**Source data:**
text \<open>Suppose \<open>X0 \<subseteq> A \<union> B\<close> lies in \<open>L = \<U>\<^sup>\<M>\<^sub>C\<close> while \<open>A\<close> and \<open>B\<close> do not. Then \<open>A \<notin> P0\<close>
  and \<open>B \<notin> P1\<close> for two conjuncts \<open>P0 = \<U>\<^sup>X\<^sub>e\<close>, \<open>P1 = \<U>\<^sup>Y\<^sub>e'\<close> of \<open>L\<close>. Let \<open>W\<close> be the
  class of sets containing a finite \<open>F\<close> all of whose splittings \<open>F = T \<union> (F - T)\<close> have
  \<open>T \<in> P0\<close> or \<open>F - T \<in> P1\<close>. It is an upward closed \<open>\<Sigma>\<^sup>0\<^sub>1(X \<oplus> Y)\<close> class, and \<open>X0 \<notin> W\<close>
  (take \<open>T = F \<inter> A\<close>). On the other hand the sets all of whose splittings have a part in \<open>L\<close>
  form a largeness class inside \<open>L\<close>, and by compactness (Koenig's lemma) inside \<open>W\<close>. So
  \<open>L \<inter> W\<close> is a largeness class although \<open>L \<subseteq> W\<close> fails, contradicting \<open>\<M>\<close>-minimality.\<close>

unbundle bit_operations_syntax

section \<open>Evaluation of oracle programs\<close>

lemma list_all2_functional:
  assumes "list_all2 (\<lambda>g y. P g y \<and> (\<forall>y'. P g y' \<longrightarrow> y = y')) gs ys"
    and "list_all2 P gs ys'"
  shows "ys = ys'"
  using assms
proof (induction gs arbitrary: ys ys')
  case (Cons g gs)
  then show ?case by (cases ys; cases ys') auto
qed simp

lemma ex_list_all2_Cons1 [simp]:
  "(\<exists>ys. list_all2 P (x # xs) ys \<and> R ys) \<longleftrightarrow> (\<exists>y ys. P x y \<and> list_all2 P xs ys \<and> R (y # ys))"
  by (auto simp: list_all2_Cons1)

lemma ev_det: "ev A p xs y \<Longrightarrow> ev A p xs y' \<Longrightarrow> y = y'"
proof (induction arbitrary: y' rule: ev.induct)
  case (ev_comp xs gs ys f z)
  from ev_comp.prems obtain ys' where "list_all2 (\<lambda>g. ev A g xs) gs ys'" "ev A f ys' y'"
    by (cases rule: ev.cases) auto
  moreover from ev_comp.IH(1) this(1) have "ys = ys'" by (rule list_all2_functional)
  ultimately show ?case using ev_comp.IH(2) by blast
next
  case (ev_mn f n xs)
  from ev_mn.prems have y': "ev A f (y' # xs) 0" "\<forall>m<y'. \<exists>y>0. ev A f (m # xs) y"
    by (cases rule: ev.cases, auto)+
  show ?case
  proof (rule linorder_cases)
    assume "n < y'"
    then obtain y where "y > 0" "ev A f (n # xs) y" using y'(2) by blast
    with ev_mn.IH(1) show ?thesis by (metis less_irrefl)
  next
    assume "y' < n"
    then obtain y where "y > 0" "\<forall>z. ev A f (y' # xs) z \<longrightarrow> y = z"
      using ev_mn.IH(2) by blast
    with y'(1) show ?thesis by blast
  qed
next
  case (ev_prim0 f xs z g)
  from ev_prim0.prems have "ev A f xs y'" by (cases rule: ev.cases) auto
  then show ?case using ev_prim0.IH by blast
next
  case (ev_primS f g n xs y z)
  from ev_primS.prems obtain y1 where "ev A (Prim f g) (n # xs) y1" "ev A g (y1 # n # xs) y'"
    by (cases rule: ev.cases) auto
  then show ?case using ev_primS.IH by metis
qed (auto elim: ev.cases)

lemma ev_eq_iff: "ev A p xs v \<Longrightarrow> ev A p xs y \<longleftrightarrow> y = v"
  using ev_det by blast

lemma ev_Zero_iff [simp]: "ev A Zero xs y \<longleftrightarrow> y = 0"
  by (auto elim: ev.cases intro: ev.intros)

lemma ev_Succ_Nil [simp]: "\<not> ev A Succ [] y"
  by (auto elim: ev.cases)

lemma ev_Succ_iff [simp]: "ev A Succ (x # xs) y \<longleftrightarrow> y = Suc x"
  by (auto elim: ev.cases intro: ev.intros)

lemma ev_Proj_iff [simp]: "ev A (Proj i) xs y \<longleftrightarrow> i < length xs \<and> y = xs ! i"
  by (auto elim: ev.cases intro: ev.intros)

lemma ev_Oracle_Nil [simp]: "\<not> ev A Oracle [] y"
  by (auto elim: ev.cases)

lemma ev_Oracle_iff [simp]: "ev A Oracle (x # xs) y \<longleftrightarrow> y = (if x \<in> A then 1 else 0)"
proof
  show "ev A Oracle (x # xs) y \<Longrightarrow> y = (if x \<in> A then 1 else 0)"
    by (cases rule: ev.cases) auto
  show "y = (if x \<in> A then 1 else 0) \<Longrightarrow> ev A Oracle (x # xs) y"
    using ev.ev_oracle by simp
qed

lemma ev_Comp_iff [simp]:
  "ev A (Comp f gs) xs z \<longleftrightarrow> (\<exists>ys. list_all2 (\<lambda>g. ev A g xs) gs ys \<and> ev A f ys z)"
  by (auto elim: ev.cases intro: ev.intros)

lemma ev_Prim_Nil [simp]: "\<not> ev A (Prim f g) [] z"
  by (auto elim: ev.cases)

lemma ev_Prim0_iff [simp]: "ev A (Prim f g) (0 # xs) z \<longleftrightarrow> ev A f xs z"
  by (auto elim: ev.cases intro: ev.intros)

lemma ev_PrimS_iff [simp]:
  "ev A (Prim f g) (Suc n # xs) z \<longleftrightarrow> (\<exists>y. ev A (Prim f g) (n # xs) y \<and> ev A g (y # n # xs) z)"
  by (auto elim: ev.cases intro: ev.intros)

lemma ev_Mn_iff [simp]:
  "ev A (Mn f) xs n \<longleftrightarrow> ev A f (n # xs) 0 \<and> (\<forall>m<n. \<exists>y>0. ev A f (m # xs) y)"
  by (auto elim: ev.cases intro: ev.intros)

section \<open>Basic programs\<close>

fun const_prog :: "nat \<Rightarrow> recf" where
  "const_prog 0 = Zero"
| "const_prog (Suc c) = Comp Succ [const_prog c]"

lemma ev_const_prog [simp]: "ev A (const_prog c) xs y \<longleftrightarrow> y = c"
  by (induction c arbitrary: y) auto

definition "add_prog = Prim (Proj 0) (Comp Succ [Proj 0])"

lemma ev_add_prog [simp]: "ev A add_prog (a # b # xs) y \<longleftrightarrow> y = a + b"
proof (rule ev_eq_iff)
  show "ev A add_prog (a # b # xs) (a + b)"
    unfolding add_prog_def by (induction a) auto
qed

definition "pred_prog = Prim Zero (Proj 1)"

lemma ev_pred_prog [simp]: "ev A pred_prog (a # xs) y \<longleftrightarrow> y = a - 1"
proof (rule ev_eq_iff)
  show "ev A pred_prog (a # xs) (a - 1)"
    unfolding pred_prog_def by (induction a) auto
qed

definition "monus_prog = Prim (Proj 0) (Comp pred_prog [Proj 0])"

lemma ev_monus_prog [simp]: "ev A monus_prog (a # b # xs) y \<longleftrightarrow> y = b - a"
proof (rule ev_eq_iff)
  show "ev A monus_prog (a # b # xs) (b - a)"
    unfolding monus_prog_def by (induction a) auto
qed

definition "min_prog = Comp monus_prog [Comp monus_prog [Proj 1, Proj 0], Proj 0]"

lemma ev_min_prog [simp]: "ev A min_prog (a # b # xs) y \<longleftrightarrow> y = min a b"
  unfolding min_prog_def by auto

definition "mod2_prog = Prim Zero (Comp monus_prog [Proj 0, const_prog 1])"

lemma ev_mod2_prog [simp]: "ev A mod2_prog (a # xs) y \<longleftrightarrow> y = a mod 2"
proof (rule ev_eq_iff)
  show "ev A mod2_prog (a # xs) (a mod 2)"
    unfolding mod2_prog_def by (induction a) (auto simp: mod_Suc)
qed

definition "div2_prog = Prim Zero (Comp add_prog [Proj 0, Comp mod2_prog [Proj 1]])"

lemma ev_div2_prog [simp]: "ev A div2_prog (a # xs) y \<longleftrightarrow> y = a div 2"
proof (rule ev_eq_iff)
  show "ev A div2_prog (a # xs) (a div 2)"
    unfolding div2_prog_def by (induction a) (auto simp: div_Suc mod_Suc)
qed

definition "bit_prog = Comp mod2_prog [Prim (Proj 0) (Comp div2_prog [Proj 0])]"

lemma ev_bit_prog [simp]: "ev A bit_prog (k # x # xs) y \<longleftrightarrow> y = of_bool (bit x k)"
proof (rule ev_eq_iff)
  have "ev A (Prim (Proj 0) (Comp div2_prog [Proj 0])) (k # x # xs) (x div 2 ^ k)"
  proof (induction k)
    case (Suc k)
    moreover have "x div 2 ^ Suc k = x div 2 ^ k div 2"
      by (metis div_mult2_eq power_Suc2)
    ultimately show ?case by auto
  qed simp
  then show "ev A bit_prog (k # x # xs) (of_bool (bit x k))"
    unfolding bit_prog_def by (auto simp: bit_iff_odd odd_iff_mod_2_eq_one)
qed

definition "triangle_prog = Prim Zero (Comp add_prog [Proj 0, Comp Succ [Proj 1]])"

lemma ev_triangle_prog [simp]: "ev A triangle_prog (k # xs) y \<longleftrightarrow> y = triangle k"
proof (rule ev_eq_iff)
  show "ev A triangle_prog (k # xs) (triangle k)"
    unfolding triangle_prog_def by (induction k) auto
qed

definition diag :: "nat \<Rightarrow> nat" where
  "diag n = fst (prod_decode n) + snd (prod_decode n)"

lemma triangle_diag_add_fst: "triangle (diag n) + fst (prod_decode n) = n"
proof -
  obtain i j where ij: "prod_decode n = (i, j)" by fastforce
  then have "prod_encode (i, j) = n" by (metis prod_decode_inverse)
  with ij show ?thesis by (simp add: diag_def prod_encode_def)
qed

lemma fst_prod_decode_le_diag: "fst (prod_decode n) \<le> diag n"
  by (simp add: diag_def)

lemma triangle_mono: "a \<le> b \<Longrightarrow> triangle a \<le> triangle b"
  by (induction b) (auto simp: le_Suc_eq)

text \<open>\<open>diag n\<close> is the least \<open>d\<close> with \<open>n < triangle (Suc d)\<close>.\<close>

definition "diag_prog = Mn (Comp monus_prog [Comp triangle_prog [Comp Succ [Proj 0]], Comp Succ [Proj 1]])"

lemma ev_diag_prog [simp]: "ev A diag_prog (n # xs) y \<longleftrightarrow> y = diag n"
proof (rule ev_eq_iff)
  have "Suc n \<le> triangle (Suc (diag n))"
    using triangle_diag_add_fst[of n] fst_prod_decode_le_diag[of n] by simp
  moreover have "triangle (Suc m) \<le> n" if "m < diag n" for m
    using triangle_mono[of "Suc m" "diag n"] that triangle_diag_add_fst[of n] by simp
  ultimately show "ev A diag_prog (n # xs) (diag n)"
    unfolding diag_prog_def by (auto simp del: triangle_Suc simp: less_Suc_eq_le)
qed

definition "fst_prog = Comp monus_prog [Comp triangle_prog [diag_prog], Proj 0]"

definition "snd_prog = Comp monus_prog [fst_prog, diag_prog]"

lemma ev_fst_prog [simp]: "ev A fst_prog (n # xs) y \<longleftrightarrow> y = fst (prod_decode n)"
  unfolding fst_prog_def using triangle_diag_add_fst[of n] by auto

lemma ev_snd_prog [simp]: "ev A snd_prog (n # xs) y \<longleftrightarrow> y = snd (prod_decode n)"
  unfolding snd_prog_def using triangle_diag_add_fst[of n] by (auto simp: diag_def)

text \<open>Lists of numbers are coded by iterated pairing; the \<open>t\<close>-th entry is read off by
  dropping \<open>t\<close> entries with \<open>snd \<circ> prod_decode\<close>.\<close>

fun list_code :: "nat list \<Rightarrow> nat" where
  "list_code [] = 0"
| "list_code (v # vs) = prod_encode (v, list_code vs)"

definition list_nth_code :: "nat \<Rightarrow> nat \<Rightarrow> nat" where
  "list_nth_code w t = fst (prod_decode (((\<lambda>w. snd (prod_decode w)) ^^ t) w))"

lemma list_nth_code_list_code:
  "t < length vs \<Longrightarrow> list_nth_code (list_code vs) t = vs ! t"
proof (induction vs arbitrary: t)
  case (Cons v vs)
  then show ?case
    by (cases t) (simp_all add: list_nth_code_def funpow_Suc_right del: funpow.simps)
qed simp

definition "list_nth_prog = Comp fst_prog [Prim (Proj 0) (Comp snd_prog [Proj 0])]"

lemma ev_list_nth_prog [simp]: "ev A list_nth_prog (t # w # xs) y \<longleftrightarrow> y = list_nth_code w t"
proof (rule ev_eq_iff)
  have "ev A (Prim (Proj 0) (Comp snd_prog [Proj 0])) (t # w # xs)
          (((\<lambda>w. snd (prod_decode w)) ^^ t) w)"
    by (induction t) auto
  then show "ev A list_nth_prog (t # w # xs) (list_nth_code w t)"
    unfolding list_nth_prog_def list_nth_code_def by auto
qed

**WORK TO BE COMPLETED:** The entries above hold the needed span. Transcribe exactly the lines from the one with "ultimately show ?case by auto" to the one with "y = triangle", both included.

**EXERCISE OUTPUT:**
    ultimately show ?case by auto
  qed simp
  then show "ev A bit_prog (k # x # xs) (of_bool (bit x k))"
    unfolding bit_prog_def by (auto simp: bit_iff_odd odd_iff_mod_2_eq_one)
qed

definition "triangle_prog = Prim Zero (Comp add_prog [Proj 0, Comp Succ [Proj 1]])"

lemma ev_triangle_prog [simp]: "ev A triangle_prog (k # xs) y \<longleftrightarrow> y = triangle k"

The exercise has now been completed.